Thursday’s thundering Financial Times editorial on the food crisis unfortunately arrived too late to change opinions on the 13th floor of the Berlaymont, the European Commission nerve centre. The day before the call for a pause in the push for biofuels was made Jose Manuel Barroso, Commission president, defended the policy.
He said the use of crops for fuel had so far had little effect on higher food prices. It can’t be often that the Commission disagrees with its multilateral brethren, the IMF, World Bank and United Nations.
Barroso said the push to increase biofuels to 10 per cent of the EU transport fuel mix by 2020 will continue. In fact, by creating a market for sustainable biofuels the EU could improve their production round the world, he said.
Perhaps he will listen to the EU’s own scientific advisers. On Thursday advisers to the European Environment Agency called for the target to be scrapped.
“The overambitious 10 per cent target is an experiment, whose unintended effects are difficult to predict and difficult to control,” they said.

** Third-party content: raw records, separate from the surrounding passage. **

lemma provable_ex_mono:
  assumes \<theta>: "formula (G @ [(x, A)]) \<theta>" and \<theta>': "formula (G @ [(x, A)]) \<theta>'"
    and le: "provable (G @ [(x, A)]) \<theta> \<theta>'"
  shows "provable G (FEx x A \<theta>) (FEx x A \<theta>')"
proof -
  have ex: "formula G (FEx x A \<theta>')"
    using \<theta>' IsCtx_snocD[OF Form_IsCtx[OF \<theta>']] by (blast intro: Form.ex)
  then have "provable (G @ [(x, A)]) \<theta>' (fsub_p fr G x A (FEx x A \<theta>'))"
    using provable_ex_iff[OF ex \<theta>'] by (blast intro: Thm.refl)
  then show ?thesis
    using provable_ex_iff[OF ex \<theta>] le by (blast intro: Thm.cut)
qed

lemma first_order_hyperdoctrine_LT:
  assumes DB: "de_bruijn phi fr"
  shows "first_order_hyperdoctrine (FSigma phi fr TD FD) (LT phi fr TD FD PD T)"
  unfolding first_order_hyperdoctrine_def
  by (intro HOL.conjI ballI is_cwf_FSigma;
      auto simp: FSigma_simps LT_simps pr_heyting_LT heyting_hom_fsub fsub_ident[OF DB] fsub_comp
      provable_all_iff[unfolded fsub_p_def] provable_ex_iff[unfolded fsub_p_def] qmor_def Let_def
      intro: Form.all Form.ex provable_all_mono provable_ex_mono)

end

end

end

theorem mainTheorem17:
  fixes phi :: "'v set \<Rightarrow> 'v set" and fr :: "'v set \<Rightarrow> 'v"
    and TD :: "'t \<Rightarrow> (('v,'f,'t) ctx \<times> nat list) option"
    and FD :: "'f \<Rightarrow> (('v,'f,'t) ctx \<times> nat list \<times> ('v,'f,'t) pty) option"
    and PD :: "'p \<Rightarrow> (('v,'f,'t) ctx \<times> nat list) option"
    and T :: "(('v,'f,'t) ctx \<times> ('v,'f,'t,'p) fm \<times> ('v,'f,'t,'p) fm) set"
  assumes "var_system phi fr"
    and "de_bruijn phi fr"
    and "is_signature phi TD FD"
    and "is_pred_signature phi TD FD PD"
    and "is_theory phi TD FD PD T"
  shows "first_order_hyperdoctrine (FSigma phi fr TD FD) (LT phi fr TD FD PD T) \<and>
         (\<forall>G \<phi> \<psi>. (G, \<phi>) \<in> Pr (LT phi fr TD FD PD T) G \<longrightarrow> (G, \<psi>) \<in> Pr (LT phi fr TD FD PD T) G \<longrightarrow>
            (hle (LT phi fr TD FD PD T) G (G, \<phi>) (G, \<psi>) \<longleftrightarrow> (G, \<phi>, \<psi>) \<in> Thm phi fr TD FD PD T))"
proof
  show "first_order_hyperdoctrine (FSigma phi fr TD FD) (LT phi fr TD FD PD T)"
    using first_order_hyperdoctrine_LT[OF assms(1,3,4,2)] .
qed (simp add: LT_def) \<comment> \<open>the order on Pr is provability by definition\<close>
lemma vtype_add_smaller_sim:
  assumes va: "vtype le a" and ba: "b \<prec> a"
  shows "a + b \<precsim> a \<and> a \<precsim> a + b"
proof
  have a: "a \<precsim> -a" "-a \<precsim> a" using va by (auto simp: vtype_iff)
  have nba: "-b \<prec> a" using vtype_greater_uminus va ba by blast
  show "a + b \<precsim> a"
  proof (rule ccontr)
    assume not_le: "\<not> a + b \<precsim> a"
    then have ab: "a \<precsim> a + b" using qo_total by blast
    have "vtype le (a + b)" using otype_less_vtype va not_le vtype_def by blast
    then have ab_neg: "a + b \<precsim> -(a + b)" by (simp add: vtype_iff)
    have "\<not> (a + b \<precsim> -b \<and> -b \<precsim> a + b)" using ab nba qo_trans by blast
    from qo_add_right[OF qo_trans[OF a(2) ab] this] have "-(a + b) \<precsim> a"
      by (simp add: algebra_simps)
    then show False using ab_neg not_le qo_trans by blast
  qed
  show "a \<precsim> a + b"
  proof (rule ccontr)
    assume not_le: "\<not> a \<precsim> a + b"
    have sim: "a \<precsim> -(a + b) \<and> -(a + b) \<precsim> a"
    proof (rule ccontr)
      assume "\<not> ?thesis"
      from qo_add_right[OF _ this, of b] ba have "-a \<precsim> -b" by (simp add: algebra_simps)
      then show False using a nba qo_trans by blast
    qed
    show False
    proof (cases "-(a + b) = a")
      case True
      then have "a + b = -a" by (metis minus_minus)
      then show False using not_le a by simp
    next
      case False
      then have "vtype le (-(a + b))" using vtype_sim va sim by blast
      then have "-(a + b) \<precsim> a + b" unfolding vtype_iff minus_minus by blast
      then show False using not_le sim qo_trans by blast
    qed
  qed
qed

lemma induced_C_zero_iff:
  "induced_C le a b 0 \<longleftrightarrow> (a \<noteq> b \<and> b = 0) \<or> (vtype le a \<and> b \<prec> a)
     \<or> (otype le b \<and> otype le a \<and> 0 \<prec> a - b \<and> 0 \<prec> a)"
  by (simp add: induced_C_def qstrict_iff)
text \<open>v is a right eigenvector of T for eigenvalue N^(-j), normalized by v[0] = 1
  (vectors of length k are functions nat => real vanishing outside {0..k-1}).\<close>
definition is_holte_eigvec :: "nat \<Rightarrow> nat \<Rightarrow> nat \<Rightarrow> (nat \<Rightarrow> real) \<Rightarrow> bool" where
  "is_holte_eigvec k N j v \<longleftrightarrow>
     (\<forall>c<k. (\<Sum>c'<k. holte_T k N c c' * v c') = v c / real N ^ j)
     \<and> v 0 = 1 \<and> (\<forall>i\<ge>k. v i = 0)"

definition holte_v :: "nat \<Rightarrow> nat \<Rightarrow> nat \<Rightarrow> nat \<Rightarrow> real" where
  "holte_v k N j = (THE v. is_holte_eigvec k N j v)"

text \<open>Quotient polynomial: sum_i binom(k-1,i) v_j[i] x^i = (1+x)^(k-1-j) Q_j(x).\<close>
definition holte_Q :: "nat \<Rightarrow> nat \<Rightarrow> nat \<Rightarrow> real poly" where
  "holte_Q k N j =
     (\<Sum>i<k. monom (real (k - 1 choose i) * holte_v k N j i) i) div [:1, 1:] ^ (k - 1 - j)"

end

(*
  The eigen-equation of T is read through the operator (S f)(c) = sum_{t<N} f (c + t): for c < k,
  (T v)(c) = N^-k (S^k (v o div N))(c), because k digits never carry more than k - 1.
  For a polynomial q of degree m < k, S^k (q o div N) is again a polynomial of degree m, with leading
  coefficient N^(k-m) lead q: through y div N = (y - y mod N) / N, q o div N is a polynomial in y with
  N-periodic coefficients, and each application of S makes the highest still periodic coefficient
  constant, so m + 1 <= k applications leave a polynomial.  So T is triangular on polynomials of degree < k with diagonal entries N^-m, and v_j
  consists of the values of the unique eigenpolynomial of degree j.  In y = x - (k-1)/2 the
  eigenpolynomials for j = 2, 3 are y^2 - (k+1)/12 and y^3 - (k+1) y / 4, as the first three
  moments of c plus k uniform digits show.  Finally sum_i C(n,i) C(i,r) x^i = C(n,r) x^r (1+x)^(n-r),
  so expanding an eigenpolynomial in the basis C(i,r) exhibits the factor (1+x)^(n-j) and gives
  Q_j directly.  This proves (i) already for k >= 3 and (ii) for k >= 4.
*)

theory Submission
  imports Defs
begin

section \<open>Sums over digit tuples\<close>

definition digit_tuples :: "nat \<Rightarrow> nat \<Rightarrow> (nat \<Rightarrow> nat) set" where
  "digit_tuples k N = PiE {..<k} (\<lambda>_. {..<N})"
lemma mem_PK_liminf_iff:
  "x \<in> PK_liminf Cs \<longleftrightarrow> (\<forall>e>0. \<forall>\<^sub>F k in sequentially. \<exists>z\<in>Cs k. dist x z < e)"
proof -
  define f where "f = (\<lambda>k. set_dist_e x (Cs k))"
  have "0 \<le> limsup f"
    by (rule le_Limsup) (simp_all add: f_def set_dist_e_nonneg)
  then have "limsup f = 0 \<longleftrightarrow> limsup f \<le> 0" by auto
  also have "\<dots> \<longleftrightarrow> (\<forall>y>0. \<forall>\<^sub>F k in sequentially. f k < y)"
    by (rule Limsup_le_iff)
  also have "\<dots> \<longleftrightarrow> (\<forall>e>0. \<forall>\<^sub>F k in sequentially. f k < ereal e)"
  proof
    assume e: "\<forall>e>0. \<forall>\<^sub>F k in sequentially. f k < ereal e"
    show "\<forall>y>0. \<forall>\<^sub>F k in sequentially. f k < y"
    proof (intro allI impI)
      fix y :: ereal assume "y > 0"
      then obtain e where "0 < ereal e" "ereal e < y"
        using ereal_dense2 by blast
      with e have "\<forall>\<^sub>F k in sequentially. f k < ereal e" by simp
      with \<open>ereal e < y\<close> show "\<forall>\<^sub>F k in sequentially. f k < y"
        by (auto elim: eventually_mono)
    qed
  qed simp
  finally show ?thesis
    by (simp add: PK_liminf_def f_def set_dist_e_less_iff)
qed

section \<open>Sets of first category\<close>

definition first_category :: "'a::topological_space set \<Rightarrow> bool" where
  "first_category S \<longleftrightarrow>
     (\<exists>\<D>. countable \<D> \<and> (\<forall>D\<in>\<D>. closed D \<and> interior D = {}) \<and> S \<subseteq> \<Union>\<D>)"

lemma first_category_subset: "first_category T \<Longrightarrow> S \<subseteq> T \<Longrightarrow> first_category S"
  unfolding first_category_def by (meson order_trans)

lemma first_category_Un:
  assumes "first_category S" "first_category T"
  shows "first_category (S \<union> T)"
proof -
  from assms(1)[unfolded first_category_def] obtain \<D>\<^sub>S where
    "countable \<D>\<^sub>S \<and> (\<forall>D\<in>\<D>\<^sub>S. closed D \<and> interior D = {}) \<and> S \<subseteq> \<Union>\<D>\<^sub>S" ..
  moreover from assms(2)[unfolded first_category_def] obtain \<D>\<^sub>T where
    "countable \<D>\<^sub>T \<and> (\<forall>D\<in>\<D>\<^sub>T. closed D \<and> interior D = {}) \<and> T \<subseteq> \<Union>\<D>\<^sub>T" ..
  ultimately have "countable (\<D>\<^sub>S \<union> \<D>\<^sub>T) \<and> (\<forall>D\<in>\<D>\<^sub>S \<union> \<D>\<^sub>T. closed D \<and> interior D = {})
      \<and> S \<union> T \<subseteq> \<Union>(\<D>\<^sub>S \<union> \<D>\<^sub>T)"
    by (auto simp: Union_Un_distrib)
  then show ?thesis
    unfolding first_category_def ..
qed

lemma interior_first_category:
  fixes S :: "'a::complete_space set"
  assumes "first_category S"
  shows "interior S = {}"
proof -
  from assms[unfolded first_category_def] obtain \<D> where
    "countable \<D> \<and> (\<forall>D\<in>\<D>. closed D \<and> interior D = {}) \<and> S \<subseteq> \<Union>\<D>" ..
  then have \<D>: "countable \<D>" "\<forall>D\<in>\<D>. closed D \<and> interior D = {}" "S \<subseteq> \<Union>\<D>"
    by auto
  have "euclidean interior_of \<Union>\<D> = {}"
  proof (rule Baire_category_alt)
    show "completely_metrizable_space (euclidean :: 'a topology) \<or>
        locally_compact_space (euclidean :: 'a topology) \<and> regular_space (euclidean :: 'a topology)"
      using completely_metrizable_space_euclidean by blast
    show "countable \<D>" by fact
    show "closedin euclidean D \<and> euclidean interior_of D = {}" if "D \<in> \<D>" for D
      using \<D>(2) that closed_closedin by auto
  qed
  then show ?thesis
    using interior_mono[OF \<D>(3)] by simp
qed

lemma interior_frontier_closed: "closed S \<Longrightarrow> interior (frontier S) = {}"
proof -
  assume "closed S"
  then have "interior (frontier S) \<subseteq> interior S"
    by (intro interior_mono) (simp add: frontier_subset_closed)
  then show ?thesis
    using interior_subset[of "frontier S"] unfolding frontier_def by auto
qed

section \<open>Multifunctions with closed graph\<close>

lemma outer_semicont_rel_if_closed_graph:
  fixes F :: "'b::metric_space \<Rightarrow> 'a::metric_space set"
  assumes "closed {(s, z). z \<in> F s}"
  shows "outer_semicont_rel F XX t"
  unfolding outer_semicont_rel_def
proof (intro allI impI subsetI)
  fix xs x assume xs: "(\<forall>k. xs k \<in> XX) \<and> xs \<longlonglongrightarrow> t" and "x \<in> PK_limsup (\<lambda>k. F (xs k))"
  then have near: "\<exists>\<^sub>F k in sequentially. \<exists>z\<in>F (xs k). dist x z < e" if "e > 0" for e
    using that by (simp add: mem_PK_limsup_iff)
  show "x \<in> F t"
  proof (rule ccontr)
    assume "x \<notin> F t"
    then have "(t, x) \<in> - {(s, z). z \<in> F s}" by simp
    with assms obtain U V where UV: "open U" "open V" "(t, x) \<in> U \<times> V" "U \<times> V \<subseteq> - {(s, z). z \<in> F s}"
      by (metis open_Compl open_prod_elim)
    then obtain e where "e > 0" "ball x e \<subseteq> V"
      by (auto elim: openE)
    have "\<forall>\<^sub>F k in sequentially. xs k \<in> U"
      using xs UV by (intro topological_tendstoD) auto
    with near[OF \<open>e > 0\<close>] have "\<exists>\<^sub>F k in sequentially. (\<exists>z\<in>F (xs k). dist x z < e) \<and> xs k \<in> U"
      by (rule frequently_eventually_frequently)
    then obtain k z where "xs k \<in> U" "z \<in> F (xs k)" "z \<in> V"
      using \<open>ball x e \<subseteq> V\<close> by (auto dest!: frequently_ex)
    with UV(4) show False by auto
  qed
qed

However, Barroso did warn of a human tragedy caused by high food prices and called on EU countries to lift their giving to affected countries.
The link between the EU policies and food shortagesis beginning to worry some in the Berlaymont. It is seeking to end export subsidies that see cheap food dumped on poor countries. However, there are still many high tariff barriers that prevent poor farmers exporting to the EU. Doubtless this debate will become a centrepiece of the haggling over the mid-term review of the common agricultural policy this year.
France is already talking about the need for “food security” while Franz Fischler, former agriculture commissioner who keeps on top of the issues, told me recently that Europe has a duty to feed itself and the world.
Meanwhile, Andris Piebalgs, the energy commissioner, has been making the case for stimulating investment in farm productivity through the biofuels target.
He wrote in a recent blog post: “Substantial tracts of arable land lie fallow since the collapse of the collective farming system used during Communist times in many of the new Member States. The EU’s ambitious but realistic 10% target will provide the market pull stimulation that these farmers need to face a future market based agricultural economy and less dependence on EU subsidies.”
But with Gordon Brown among others calling for a change of stance, I wouldn’t advise any farmer to start sowing the seeds of biofuel crops until they are sure of exactly what they will reap.